Bien malin celui qui saura dire de quel gouvernement accoucheront les élections italiennes de dimanche. Aucun parti ne dispose d’une majorité assez nette pour prétendre au pouvoir et le jeu des alliances à venir promet d’être des plus complexes. Quoi qu’il en soit, le résultat est désastreux en ce qu’il reflète : la percée de partis d’extrême droite, anti-migrants et europhobes. À eux seuls, le Mouvement 5 étoiles et la Ligue du Nord ont rassemblé plus de 50% des suffrages. Tout dans la conjoncture actuelle concourait à leur victoire : des inégalités insupportables, une économie atone alors qu’elle redémarre partout ailleurs, la crise des migrants et une gauche qui a perdu son électorat à force de libéraliser l’économie.
Face à ce résultat, l’Europe se désole et dénonce le populisme des europhobes. Mais l’échappatoire facile que constitue «Bruxelles» pour nombre de politiques dans la justification de leurs échecs ou leur absence d’imagination ne doit pas masquer la responsabilité réelle de l’UE.
Près de deux ans après le vote du Brexit, tout semble se dérouler comme si le vote des Britanniques n’avait été qu’un accident électoral dont il convient de ne tirer aucune leçon. Pour l’Italie, l’UE est devenue double synonyme d’appauvrissement et d’absence de solidarité. Deuxième pays le plus endetté de l’UE, elle est sous la pression de Bruxelles qui lui enjoint de tailler dans les dépenses sociales, de privatiser les entreprises publiques et de se garder de relancer l’économie par la dépense publique. Cette politique en faveur des créanciers, ce sont d’abord les plus modestes et les classes moyennes qui en font les frais.

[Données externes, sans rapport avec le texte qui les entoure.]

lemma Q_integral_if_odd:
  assumes "odd m"
  shows "Q_integral (NCCC_vertices G) (NCCC_adj G)"
proof -
  let ?S = "conj_class G ` reflections"
  have in_S: "conj_class G g \<in> ?S \<longleftrightarrow> g \<in> reflections" if "g \<in> carrier G - grp_center G" for g
    using G.conj_class_in_image_iff[OF reflections_subset conj_class_reflections, of g] that by auto
  show ?thesis
  proof (rule complete_bipartite_Q_integral[OF finite_NCCC_vertices NCCC_vertices_eq])
    show "rotation_classes \<inter> ?S = {}"
      using rotations_subset reflections_subset rotations_reflections_disjoint conj_class_reflections
      by (intro G.conj_class_image_disjoint) auto
    fix u w assume "u \<in> NCCC_vertices G" "w \<in> NCCC_vertices G"
    then obtain g h where g: "g \<in> carrier G - grp_center G" and h: "h \<in> carrier G - grp_center G"
      and "u = conj_class G g" "w = conj_class G h" unfolding NCCC_vertices_def by blast
    then show "NCCC_adj G u w \<longleftrightarrow> (u \<in> rotation_classes \<and> w \<in> ?S) \<or> (u \<in> ?S \<and> w \<in> rotation_classes)"
      using rotation_iff_not_reflection[of g] rotation_iff_not_reflection[of h] assms
      by (simp only: conj_class_in_rotation_classes_iff[OF g] conj_class_in_rotation_classes_iff[OF h]
          in_S[OF g] in_S[OF h] NCCC_adj_conj_class_iff[OF g h]) auto
  qed
qed

lemma reflections_parity_subset: "reflections_parity c \<subseteq> carrier G"
  unfolding reflections_parity_def using reflections_subset by auto

lemma conj_class_in_parity_classes_iff:
  assumes "even m" "g \<in> carrier G"
  shows "conj_class G g \<in> parity_classes c \<longleftrightarrow> g \<in> reflections \<and> fst (\<pi> g) mod 2 = c"
  using G.conj_class_in_image_iff[OF reflections_parity_subset conj_class_reflections_parity[OF assms(1)] assms(2)]
  unfolding reflections_parity_def by simp
lemma convergent_residual_XN:
  assumes "convergent_ps \<phi>"
  shows "convergent_ps (residual_XN N \<phi>)"
proof -
  obtain C q where q: "0 < q" and bound: "\<And>n. norm (fps_nth \<phi> n) \<le> C * q ^ n"
    using assms by (auto simp: convergent_ps_def fps_conv_radius_def conv_radius_pos_iff_geometric_bound)
  have "norm (fps_nth (residual_XN N \<phi>) n) \<le> C * q ^ n" for n
    using bound[of n] abs_Im_le_cmod[of "fps_nth \<phi> n"] by (simp add: residual_XN_def norm_mult)
  with q show ?thesis
    by (auto simp: convergent_ps_def fps_conv_radius_def conv_radius_pos_iff_geometric_bound)
qed

lemma sums_Im_eval_fps_on_ray:
  assumes "\<omega> ^ N \<in> \<real>" "norm (of_real r * \<omega>) < fps_conv_radius \<phi>"
  shows "(\<lambda>n. Im (fps_nth (residual_XN N \<phi>) n * \<omega> ^ n) * r ^ n) sums Im (eval_fps \<phi> (of_real r * \<omega>))"
proof -
  let ?t = "of_real r * \<omega>"
  have "?t ^ N \<in> \<real>" using assms(1) by (simp add: power_mult_distrib)
  have "(\<lambda>n. Im (fps_nth \<phi> n * ?t ^ n)) sums Im (eval_fps \<phi> ?t)"
    by (intro sums_Im sums_eval_fps assms(2))
  hence "(\<lambda>n. Im (fps_nth (residual_XN N \<phi>) n * ?t ^ n)) sums Im (eval_fps \<phi> ?t)"
    using \<open>?t ^ N \<in> \<real>\<close> by (simp only: Im_residual_XN_nth_mult_power)
  moreover have "fps_nth (residual_XN N \<phi>) n * ?t ^ n = r ^ n *\<^sub>R (fps_nth (residual_XN N \<phi>) n * \<omega> ^ n)" for n
    by (simp add: power_mult_distrib scaleR_conv_of_real mult_ac)
  ultimately show ?thesis by (simp only: scaleR_complex.sel(2) mult.commute)
qed

lemma Im_leading_coeff_residual_XN_nonneg:
  assumes conv: "fps_conv_radius \<phi> > 0"
    and nonneg: "\<forall>t. in_conv_domain \<phi> t \<and> t ^ N \<in> \<real> \<longrightarrow> Im (eval_fps \<phi> t) \<ge> 0"
    and \<omega>: "\<omega> ^ N \<in> \<real>"
  defines "h \<equiv> residual_XN N \<phi>"
  shows "Im (fps_nth h (subdegree h) * \<omega> ^ subdegree h) \<ge> 0"
proof -
  define g where "g = Abs_fps (\<lambda>n. Im (fps_nth h n * \<omega> ^ n))"
  obtain R where R: "0 < R" "ereal R < fps_conv_radius \<phi>"
    using ereal_dense2[OF conv] by (metis ereal_less(2))
  define \<rho> where "\<rho> = R / (norm \<omega> + 1)"
  have "0 < norm \<omega> + 1" by (simp add: add_nonneg_pos)
  hence \<rho>: "0 < \<rho>" "\<rho> * norm \<omega> < R"
    using R(1) by (simp_all add: \<rho>_def field_simps)
  have dom: "in_conv_domain \<phi> (of_real r * \<omega>)" if "0 \<le> r" "r \<le> \<rho>" for r
  proof -
    have "r * norm \<omega> < R"
      using that \<rho>(2) by (meson le_less_trans mult_right_mono norm_ge_zero)
    thus ?thesis using that R(2)
      by (auto simp: in_conv_domain_def norm_mult intro: order.strict_trans[of _ "ereal R"])
  qed
  have ray_sums: "(\<lambda>n. fps_nth g n * r ^ n) sums Im (eval_fps \<phi> (of_real r * \<omega>))"
    if "0 \<le> r" "r \<le> \<rho>" for r
    using sums_Im_eval_fps_on_ray[OF \<omega>] dom[OF that] by (simp add: g_def h_def in_conv_domain_def)
  have "fps_conv_radius g \<ge> norm \<rho>"
    unfolding fps_conv_radius_def
    by (rule conv_radius_geI, rule sums_summable, rule ray_sums) (use \<rho> in auto)
  hence "fps_conv_radius g > 0"
    using \<rho>(1) by (simp add: less_le_trans[of 0 "ereal \<rho>"])
  moreover have "eventually (\<lambda>r. eval_fps g r \<ge> 0) (at_right 0)"
    using eventually_at_right_real[OF \<rho>(1)]
  proof eventually_elim
    case (elim r)
    hence "eval_fps g r = Im (eval_fps \<phi> (of_real r * \<omega>))"
      unfolding eval_fps_def[of g] by (simp add: sums_unique[OF ray_sums])
    also have "\<dots> \<ge> 0"
      using nonneg dom[of r] elim \<omega> by (simp add: power_mult_distrib)
    finally show ?case .
  qed
  moreover have "fps_nth g n = 0" if "n < subdegree h" for n
    using nth_less_subdegree_zero[OF that] by (simp add: g_def)
  ultimately have "fps_nth g (subdegree h) \<ge> 0"
    by (rule fps_nth_nonneg_if_eval_fps_nonneg_at_right_0)
  thus ?thesis by (simp add: g_def)
qed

Depuis plus de dix ans, la péninsule est aussi en première ligne dans la crise migratoire en raison de sa position géographique. L’UE assure un service minimum, laissant Rome gérer l’afflux massif de migrants. L’hypocrisie domine, chacun laissant penser que c’est là le seul problème des Italiens, alors que l’écrasante majorité des candidats à l’immigration ne veut pas s’établir en Italie.
Il n’y a aucune surprise à voir les Italiens exprimer leur rejet d’une UE dont ils sont pourtant un membre fondateur. Le scénario était écrit à l’avance et sera validé partout ailleurs tant que l’Europe sera ce symbole du chacun pour soi et de la défense des intérêts de quelques-uns.